Chinese medical scholar

Ye Tianshi (1667–1747) was a Chinese medical scholar who was the major proponent of the "school of warm diseases". His major work, Wen-re Lun (Discussion of Warm Diseases) published in 1746, divided the manifestations of diseases into four stages: wei (defensive phase), qi (qi-phase), ying (nutrient-phase), and xue (blood-phase).

==Life==
Ye Tianshi was born in 1666. His father as well as his grandfather, Ye Shi, were also physicians. He learned medicine from his father and, following his father's death, from his father's pupil of the surname Zhu.

==Work==
Ye Tianshi wrote little and most works attributed to him were compiled by his followers after his death. He is best known for proposing that feverish diseases progressed along four stages, a theory he laid out in his book Discussion of Warm Diseases. Those stages are wei (defensive phase), qi (qi-phase or active qian phase), ying (nutrient-phase), and xue (blood-phase).
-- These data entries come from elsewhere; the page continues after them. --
lemma (in prob_space) prob_indep_eq_atomless:
  fixes X Y :: "'a \<Rightarrow> real"
  assumes indep: "indep_var borel X borel Y"
    and atomless: "\<And>x. prob {\<omega>\<in>space M. Y \<omega> = x} = 0"
  shows "prob {\<omega>\<in>space M. X \<omega> = Y \<omega>} = 0"
proof -
  have X: "random_variable borel X" and Y: "random_variable borel Y"
    using indep by (auto simp: indep_var_distribution_eq)
  interpret Y: prob_space "distr M borel Y" using Y by (rule prob_space_distr)
  define diag where "diag = {p \<in> space (borel \<Otimes>\<^sub>M borel). fst p = (snd p :: real)}"
  have diag: "diag \<in> sets (borel \<Otimes>\<^sub>M borel)" unfolding diag_def by measurable
  have "emeasure (distr M borel X \<Otimes>\<^sub>M distr M borel Y) diag
      = (\<integral>\<^sup>+x. emeasure (distr M borel Y) (Pair x -` diag) \<partial>distr M borel X)"
    using diag by (intro Y.emeasure_pair_measure_alt) simp
  also have "\<dots> = (\<integral>\<^sup>+x. 0 \<partial>distr M borel X)"
  proof (intro nn_integral_cong)
    fix x
    have "Pair x -` diag = {x}" by (auto simp: diag_def space_pair_measure)
    then show "emeasure (distr M borel Y) (Pair x -` diag) = 0"
      using Y atomless[of x]
      by (simp add: emeasure_distr emeasure_eq_measure vimage_def Int_def conj_commute)
  qed
  finally have null: "measure (distr M borel X \<Otimes>\<^sub>M distr M borel Y) diag = 0"
    by (simp add: measure_def)
  have "prob {\<omega>\<in>space M. X \<omega> = Y \<omega>} = measure (distr M (borel \<Otimes>\<^sub>M borel) (\<lambda>\<omega>. (X \<omega>, Y \<omega>))) diag"
    using X Y diag by (subst measure_distr) (auto simp: diag_def space_pair_measure intro!: arg_cong[where f=prob])
  also have "\<dots> = 0"
    using indep null by (simp add: indep_var_distribution_eq)
  finally show ?thesis .
qed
The characteristics of wei are fever, sensitivity to cold, headache, and rapid pulse. Next qi is the phase of most active disease, characterized by high fever, sweating, dry mouth, and rapid pulse. Ying is characterized by rising fever at night, agitation, confusion, and weak pulse. Finally, xue consists of agitation, rash, and in some cases vomiting of blood or blood in the stool or urine. In his treatments for feverish diseases, Ye recommended cooling substances.